Это, пожалуй, самое откровенное описание женского наслаждения (того самого jouissance feminine) в русской литературе начала 1990-х, откровенное не в физиологичности, а в интерпретации субъективного опыта телесности, долженствующей преодолеть разделение мира на субъекты и объекты и утвердить "автономное право" инаковости. Отношение женщины к собственной сексуальности, которое традиционно либо редуцируется и ассимилируется маскулинной сексуальностью, либо заключается в ее рамки, в прозе Нарбиковой формирует некий символический уровень реальности: женщина не только зависит от Другого, но и занимает его место (выступая объектом фантазии, которая, как известно, реализуется через константу женского). Здесь переворачивается на 180 градусов устойчивая пара сексуальных стереотипов: экстенсивность-интенсивность сексуальных практик и переживаний относительно мужчины и женщины соответственно. Промискуитет, как и право на сексуальное удовлетворение, "закрепляется" Нарбиковой за женским персонажем. Мотив сексуальной эмансипации, который в "Прекрасной мельничихе" Сазанович работал на фрагментацию, выступает в прозе Нарбиковой началом объединяющим.
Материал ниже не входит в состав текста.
(* Let $\Lambda=[\lambda_{\min},\lambda_{\max}]\subset[0,\infty)$ and let $\tilde\nu(\lambda,dx)$ be a probability kernel on $(0,\infty)$ with $s_0>0$ such that $\sup_{\lambda\in\Lambda}\int_0^\infty e^{sx}\tilde\nu(\lambda,dx)<\infty$ for all $s\in[0,s_0)$. Fix $\eta=\delta+iy$ with $\delta\in[0,s_0)$ and $r\ge0$. Let $\{(T_k,X_k)\}$ be a marked point process whose jump measure has compensator $\lambda_s\tilde\nu(\lambda_s,dx)ds$, and suppose $\lambda_s\in\Lambda$ (in particular $\lambda_s\le\lambda_{\max}$) for all $s\in[t,T]$. Define $$F(t,\lambda,\eta):=\mathbb E\Big[e^{-r(T-t)}\prod_{t<T_k\le T}e^{\eta X_k}\ \Big|\ \lambda_t=\lambda\Big].$$ Then $$|F(t,\lambda,\eta)|\le\exp\Big((T-t)\big[\lambda_{\max}(M^*_\eta-1)-r\big]\Big),\qquad M^*_\eta:=\sup_{\lambda\in\Lambda}\int_0^\infty e^{\delta x}\tilde\nu(\lambda,dx).$$
   Context: $\lambda_s$ is the (predictable) jump intensity of the marked point process; the jumps of the accumulated mark process are the marks $X_k$. *)

theory Defs
  imports "HOL-Probability.Probability"
begin

definition mpp_filtration :: "'a measure \<Rightarrow> (real \<Rightarrow> 'a measure) \<Rightarrow> bool" where
  "mpp_filtration M F \<longleftrightarrow>
     (\<forall>s. space (F s) = space M \<and> sets (F s) \<subseteq> sets M) \<and>
     (\<forall>s u. s \<le> u \<longrightarrow> sets (F s) \<subseteq> sets (F u))"

definition predictable :: "'a measure \<Rightarrow> (real \<Rightarrow> 'a measure) \<Rightarrow> ('a \<times> real) measure" where
  "predictable M F = sigma (space M \<times> {0..})
     ({A \<times> {s<..u} | A s u. 0 \<le> s \<and> s \<le> u \<and> A \<in> sets (F s)} \<union>
      {A \<times> {0} | A. A \<in> sets (F 0)})"

text \<open>An F-adapted marked point process with jump times Tk (values in (0,inf], strictly
  increasing while finite, infinity meaning no further jump) and marks X in (0,inf).\<close>
definition marked_point_process ::
  "'a measure \<Rightarrow> (real \<Rightarrow> 'a measure) \<Rightarrow> (nat \<Rightarrow> 'a \<Rightarrow> ereal) \<Rightarrow> (nat \<Rightarrow> 'a \<Rightarrow> real) \<Rightarrow> bool" where
  "marked_point_process M F Tk X \<longleftrightarrow>
     (\<forall>k. Tk k \<in> borel_measurable M \<and> X k \<in> borel_measurable M) \<and>
     (\<forall>\<omega>\<in>space M. \<forall>k. 0 < Tk k \<omega> \<and> Tk k \<omega> \<le> Tk (Suc k) \<omega> \<and>
        (Tk k \<omega> < \<infinity> \<longrightarrow> Tk k \<omega> < Tk (Suc k) \<omega> \<and> 0 < X k \<omega>)) \<and>
     (\<forall>k s B. B \<in> sets borel \<longrightarrow>
        {\<omega>\<in>space M. Tk k \<omega> \<le> ereal s \<and> X k \<omega> \<in> B} \<in> sets (F s))"

text \<open>The jump measure sum_k delta_(T_k,X_k) has F-compensator lam_s nu(lam_s,dx) ds
  (dual predictable projection characterisation).\<close>
definition has_compensator ::
  "'a measure \<Rightarrow> (real \<Rightarrow> 'a measure) \<Rightarrow> (nat \<Rightarrow> 'a \<Rightarrow> ereal) \<Rightarrow> (nat \<Rightarrow> 'a \<Rightarrow> real)
    \<Rightarrow> ('a \<Rightarrow> real \<Rightarrow> real) \<Rightarrow> (real \<Rightarrow> real measure) \<Rightarrow> bool" where
  "has_compensator M F Tk X lam nu \<longleftrightarrow>
     (\<forall>H \<in> borel_measurable (predictable M F \<Otimes>\<^sub>M (borel :: real measure)).
        (\<integral>\<^sup>+\<omega>. (\<Sum>k. if Tk k \<omega> < \<infinity> then H ((\<omega>, real_of_ereal (Tk k \<omega>)), X k \<omega>) else 0) \<partial>M)
        = (\<integral>\<^sup>+\<omega>. (\<integral>\<^sup>+s\<in>{0..}. ennreal (lam \<omega> s) *
              (\<integral>\<^sup>+x. H ((\<omega>, s), x) \<partial>nu (lam \<omega> s)) \<partial>lborel) \<partial>M))"

definition cond_exp_complex :: "'a measure \<Rightarrow> 'a measure \<Rightarrow> ('a \<Rightarrow> complex) \<Rightarrow> 'a \<Rightarrow> complex" where
  "cond_exp_complex M N f = (\<lambda>\<omega>. Complex (real_cond_exp M N (\<lambda>x. Re (f x)) \<omega>)
                                          (real_cond_exp M N (\<lambda>x. Im (f x)) \<omega>))"

end

theory Submission
  imports Defs
begin

(*
  Fix A in F_t and let Q_m(u) be the product of exp(delta X_k) over those of the first m jump
  times T_k that lie in (t, u]. Adding the jumps one at a time gives

    Q_{m+1}(u) <= 1 + sum_k (exp(delta X_k) - 1) Q_m(T_k-) [t < T_k <= u],

  a predictable process integrated against the jump measure. Replacing the jump measure by its
  compensator lambda_s nu(lambda_s, dx) ds and bounding lambda_s int (exp(delta x) - 1) nu(lambda_s, dx)
  by c = lambda_max (M* - 1) yields

    E[1_A Q_{m+1}(u)] <= P(A) + c int_t^u E[1_A Q_m(s)] ds,

  so E[1_A Q_m(u)] <= P(A) exp(c (u - t)) by induction on m. Monotone convergence in m bounds
  E[1_A exp(delta S)] for the sum S of the marks in (t, T]. As |exp(eta x)| = exp(delta x), the
  discounted integrand f thus satisfies E[1_B |f|] <= K P(B) for every B in sigma(lambda_t), and such
  a bound on all conditioning events forces |E[f | lambda_t]| <= K almost surely.
*)

lemma ennreal_eq_1_plus_minus_1: "1 \<le> x \<Longrightarrow> ennreal x = 1 + ennreal (x - 1)"
  by (subst ennreal_1[symmetric], subst ennreal_plus[symmetric]) auto

lemma nn_integral_exp_eq_expm1_plus_1:
  assumes "prob_space N" "sets N = sets borel" "AE x in N. 0 \<le> x" "0 \<le> d"
  shows "(\<integral>\<^sup>+x. ennreal (exp (d * x)) \<partial>N) = (\<integral>\<^sup>+x. ennreal (exp (d * x) - 1) \<partial>N) + 1"
proof -
  interpret prob_space N by (rule assms(1))
  have [measurable]: "(\<lambda>x. ennreal (exp (d * x) - 1)) \<in> borel_measurable N"
    by (subst measurable_cong_sets[OF assms(2) refl]) measurable
  have "(\<integral>\<^sup>+x. ennreal (exp (d * x)) \<partial>N) = (\<integral>\<^sup>+x. ennreal (exp (d * x) - 1) + 1 \<partial>N)"
    using assms(3)
  proof (intro nn_integral_cong_AE, eventually_elim)
    case (elim x)
    hence "1 \<le> exp (d * x)" using assms(4) by simp
    thus ?case by (simp add: ennreal_eq_1_plus_minus_1[of "exp (d * x)"] add.commute)
  qed
  also have "\<dots> = (\<integral>\<^sup>+x. ennreal (exp (d * x) - 1) \<partial>N) + 1"
    by (subst nn_integral_add) (auto simp: emeasure_space_1)
  finally show ?thesis .
qed

(* The Gronwall identity that closes the induction on the number of jumps. *)
lemma nn_integral_exp_growth:
  assumes "0 \<le> c" "t \<le> u"
  shows "1 + ennreal c * (\<integral>\<^sup>+s. ennreal (exp (c * (s - t))) * indicator {t..u} s \<partial>lborel)
    = ennreal (exp (c * (u - t)))"
proof -
  have "ennreal c * (\<integral>\<^sup>+s. ennreal (exp (c * (s - t))) * indicator {t..u} s \<partial>lborel)
      = (\<integral>\<^sup>+s\<in>{t..u}. ennreal (c * exp (c * (s - t))) \<partial>lborel)"
    using assms(1) by (subst nn_integral_cmult[symmetric]) (auto simp: ennreal_mult mult.assoc)
  also have "\<dots> = ennreal (exp (c * (u - t)) - exp (c * (t - t)))"
    using assms by (intro nn_integral_FTC_Icc[where F = "\<lambda>s. exp (c * (s - t))"])
      (auto intro!: derivative_eq_intros)
  finally show ?thesis
    using assms ennreal_eq_1_plus_minus_1[of "exp (c * (u - t))"] by simp
qed

lemma nn_integral_cmult_Fubini:
  fixes f :: "'a \<Rightarrow> 'b \<Rightarrow> ennreal"
  assumes "sigma_finite_measure M" "sigma_finite_measure N"
    and f: "(\<lambda>(x, y). f x y) \<in> borel_measurable (M \<Otimes>\<^sub>M N)"
  shows "(\<integral>\<^sup>+x. (\<integral>\<^sup>+y. c * f x y \<partial>N) \<partial>M) = c * (\<integral>\<^sup>+y. (\<integral>\<^sup>+x. f x y \<partial>M) \<partial>N)"
proof -
  interpret pair_sigma_finite M N
    using assms(1,2) by (rule pair_sigma_finite.intro)
  have [measurable]: "(\<lambda>(x, y). f x y) \<in> borel_measurable (M \<Otimes>\<^sub>M N)" by (fact f)
  have "(\<integral>\<^sup>+x. (\<integral>\<^sup>+y. c * f x y \<partial>N) \<partial>M) = (\<integral>\<^sup>+x. c * (\<integral>\<^sup>+y. f x y \<partial>N) \<partial>M)"
    using measurable_compose[OF measurable_Pair1' f] by (intro nn_integral_cong nn_integral_cmult) simp
  also have "\<dots> = c * (\<integral>\<^sup>+x. (\<integral>\<^sup>+y. f x y \<partial>N) \<partial>M)"
    by (rule nn_integral_cmult) measurable
  finally show ?thesis
    using Fubini'[OF f] by simp
qed
section \<open>The subdivided graph\<close>

lemma wf_expand:
  assumes wf: "wf_lgraph Gr"
  shows "wf_lgraph (expand Gr)"
proof -
  have E: "{(e, j) | e j. e \<in> edges Gr \<and> j < length (lab Gr e)} = Sigma (edges Gr) (\<lambda>e. {..<length (lab Gr e)})"
    by auto
  have "{Inr (e, j) | e j. e \<in> edges Gr \<and> 1 \<le> j \<and> j < length (lab Gr e)} \<subseteq>
      Inr ` Sigma (edges Gr) (\<lambda>e. {..<length (lab Gr e)})"
    by auto
  moreover have "finite (Inr ` Sigma (edges Gr) (\<lambda>e. {..<length (lab Gr e)}))"
    using wf unfolding wf_lgraph_def by auto
  ultimately have "finite {Inr (e, j) | e j. e \<in> edges Gr \<and> 1 \<le> j \<and> j < length (lab Gr e)}"
    by (rule finite_subset)
  with wf show ?thesis
    unfolding wf_lgraph_def expand_def E by auto
qed

definition subdiv_vertex :: "('v, 'e, 'a) lgraph \<Rightarrow> 'e \<Rightarrow> nat \<Rightarrow> 'v + 'e \<times> nat" where
  "subdiv_vertex Gr e j =
     (if j = 0 then Inl (src Gr e) else if j = length (lab Gr e) then Inl (tgt Gr e) else Inr (e, j))"

definition subdiv_edge :: "('v, 'e, 'a) lgraph \<Rightarrow> 'e \<Rightarrow> ('e \<times> nat) list" where
  "subdiv_edge Gr e = map (Pair e) [0..<length (lab Gr e)]"

definition subdiv_path :: "('v, 'e, 'a) lgraph \<Rightarrow> 'e list \<Rightarrow> ('e \<times> nat) list" where
  "subdiv_path Gr es = concat (map (subdiv_edge Gr) es)"

lemma path_word_expand: "path_word (expand Gr) p = map (\<lambda>(e, j). lab Gr e ! j) p"
  unfolding path_word_def expand_def by (induction p) auto

lemma length_path_word_expand [simp]: "length (path_word (expand Gr) p) = length p"
  by (simp add: path_word_expand)

lemma subdiv_vertex_in_verts:
  "wf_lgraph Gr \<Longrightarrow> e \<in> edges Gr \<Longrightarrow> j \<le> length (lab Gr e) \<Longrightarrow> subdiv_vertex Gr e j \<in> verts (expand Gr)"
  unfolding subdiv_vertex_def expand_def wf_lgraph_def by auto

lemma is_path_expand_segment:
  assumes wf: "wf_lgraph Gr" and e: "e \<in> edges Gr"
  shows "j \<le> k \<Longrightarrow> k \<le> length (lab Gr e) \<Longrightarrow>
    is_path (expand Gr) (subdiv_vertex Gr e j) (subdiv_vertex Gr e k) (map (Pair e) [j..<k])"
proof (induction k)
  case 0
  then show ?case using subdiv_vertex_in_verts[OF wf e] by simp
next
  case (Suc k)
  show ?case
  proof (cases "j = Suc k")
    case True
    then show ?thesis using subdiv_vertex_in_verts[OF wf e] Suc by simp
  next
    case False
    then have "is_path (expand Gr) (subdiv_vertex Gr e j) (subdiv_vertex Gr e k) (map (Pair e) [j..<k])"
      using Suc by simp
    moreover have "is_path (expand Gr) (subdiv_vertex Gr e k) (subdiv_vertex Gr e (Suc k)) [(e, k)]"
      using Suc e subdiv_vertex_in_verts[OF wf e, of "Suc k"]
      by (simp add: is_path_Cons[OF wf_expand[OF wf]]) (auto simp: expand_def subdiv_vertex_def)
    ultimately show ?thesis
      using False Suc by (auto simp: is_path_append[OF wf_expand[OF wf]])
  qed
qed

lemma is_path_subdiv_edge:
  assumes wf: "wf_lgraph Gr" and e: "e \<in> edges Gr"
  shows "is_path (expand Gr) (Inl (src Gr e)) (Inl (tgt Gr e)) (subdiv_edge Gr e)"
proof -
  have "subdiv_vertex Gr e 0 = Inl (src Gr e)"
    and "subdiv_vertex Gr e (length (lab Gr e)) = Inl (tgt Gr e)"
    using length_lab_ge_1[OF wf e] by (auto simp: subdiv_vertex_def)
  then show ?thesis
    using is_path_expand_segment[OF wf e, of 0 "length (lab Gr e)"] by (simp add: subdiv_edge_def)
qed

lemma path_word_subdiv_edge: "path_word (expand Gr) (subdiv_edge Gr e) = lab Gr e"
  unfolding subdiv_edge_def path_word_expand by (simp add: map_nth comp_def)

lemma is_path_subdiv_path:
  assumes wf: "wf_lgraph Gr"
  shows "is_path Gr u v es \<Longrightarrow> is_path (expand Gr) (Inl u) (Inl v) (subdiv_path Gr es)"
proof (induction es arbitrary: u)
  case Nil
  then show ?case by (auto simp: subdiv_path_def expand_def)
next
  case (Cons e es)
  then show ?case
    using is_path_subdiv_edge[OF wf]
    by (auto simp: is_path_Cons[OF wf] subdiv_path_def is_path_append[OF wf_expand[OF wf]])
qed
(* Let $S$ be the output of Algorithm 1 and let $\epsilon>0$. For each $c\in C$, \[ \Pr\left[f_c(S)\le\left(1-\frac1e-\epsilon\right)\mathrm{OPT}\right]\;\le\;\exp\left(-\frac{\epsilon^2\,\mathrm{OPT}}{4M_c}\right), \] where $M_c=\max_{v\in V} f_c(v\mid\emptyset)$ (assumed positive).
   Context: Setup: $V$ is a finite nonempty ground set, $C$ is a finite nonempty set of "colors", $k=|C|$. For each $c\in C$, $f_c\colon 2^V\to\mathbb{R}_{\ge 0}$ is monotone and submodular. $B$ is a positive integer (the budget). $f(T\mid S)=f(S\cup T)-f(S)$ and $f(v\mid S)=f(\{v\}\mid S)$. $\mathrm{OPT}=\max_{S\subseteq V,\,|S|\le B}\min_{c\in C} f_c(S)$. $\Delta_V$ is the probability simplex over $V$. Algorithm 1 (assumes $\mathrm{OPT}$ known): set $S^{(0)}=\emptyset$; for $i=1,\dots,B$: choose any $x^{(i)}\in\Delta_V$ (the choice may depend arbitrarily on the history) such that $\sum_{v\in V}x^{(i)}_v f_c(v\mid S^{(i-1)})\ge \frac1B(\mathrm{OPT}-f_c(S^{(i-1)}))$ for all $c\in C$ (such $x^{(i)}$ always exists); sample $v^{(i)}\sim x^{(i)}$ using fresh randomness; set $S^{(i)}=S^{(i-1)}\cup\{v^{(i)}\}$. Output $S^{(B)}$. *)

theory Defs
  imports "HOL-Probability.Probability"
begin

definition marg :: "('v set \<Rightarrow> real) \<Rightarrow> 'v set \<Rightarrow> 'v set \<Rightarrow> real" where
  "marg f T S = f (S \<union> T) - f S"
Женская сексуальность в позднесоветской женской прозе предстает как проблема "неподцензурного" раскрепощения, как способ достижения субъективности и невозможность субъективации женского как феноменологического Другого. Таким образом, мы наблюдаем принципиальный "сдвиг": разделение сексуальности и репродукции, проблематизация связанной с эротизмом "нравственной" тематики. Вернемся на несколько шагов назад. Лирическая героиня Нины Искренко в опубликованной "Работницей" подборке стихотворений — воплощенная "первичная" чувственность, определяющая себя вне категорий нормы:
Мужчина врет, как прокуратор,
Хрипит и греется, как ротор,
И снова набирает номер,
И плавит трубку в кулаке.
Гудки, гудки…
Она не слышит
Она рисует на обложке
Она молчит
Она не хочет
Она
Она сейчас придет34.
"Иная" сексуальность женщины (объектная) обозначается поэтессой как знак Иного. Эротичность осознается здесь не просто как преодоление запрета — легализация сексуальности как наслаждения происходит вообще вне логики запрета.
Однако субъективация в рамках "эротического дискурса" 1990 года, по большому счету, не содержит в себе идентификации с "сильной" функцией сексуальности. Сексуальность утверждает себя в роли транссексуальной (по терминологии Бодрийяра), иронично-игровой, торжеством которой становится травестированная женственность "М. Баттерфляй" Дэвида Генри Хуана, постановка которой в 1990 году "зафиксировала" на долгие годы режиссерский триумф Романа Виктюка. "Помню, что впервые заинтересовалась его творчеством, прочитав огромную статью в журнале "Театр", где убедительно и, главное, красиво доказывалось, что спектакли Виктюка — аморальны.
Тут же я почувствовала характерное жжение в груди — свидетельство нетерпеливого желания поскорее это увидеть", — вспоминает известный питерский критик Татьяна Москвина35. Скандальность — то, что определяло первые шаги спектакля. И даже предшествовало им: перед самой премьерой "Вечерняя Москва" сообщила о запрете, наложенном на постановку, во имя сохранения китайско-советской дружбы36. Уникальное сочетание "новой эстетики" и "новой эротики" акцентировало подавление бисексуального потенциала субъекта (а на этом основывается, как известно, принцип маскулинности) и в равной мере актуализировало идею общества как системы репрессий (в том числе и репрессий сексуального желания), навязывающей представление о норме и патологии, созвучное суждениям М. Фуко о целенаправленном властном подавлении секса и сексуальности37.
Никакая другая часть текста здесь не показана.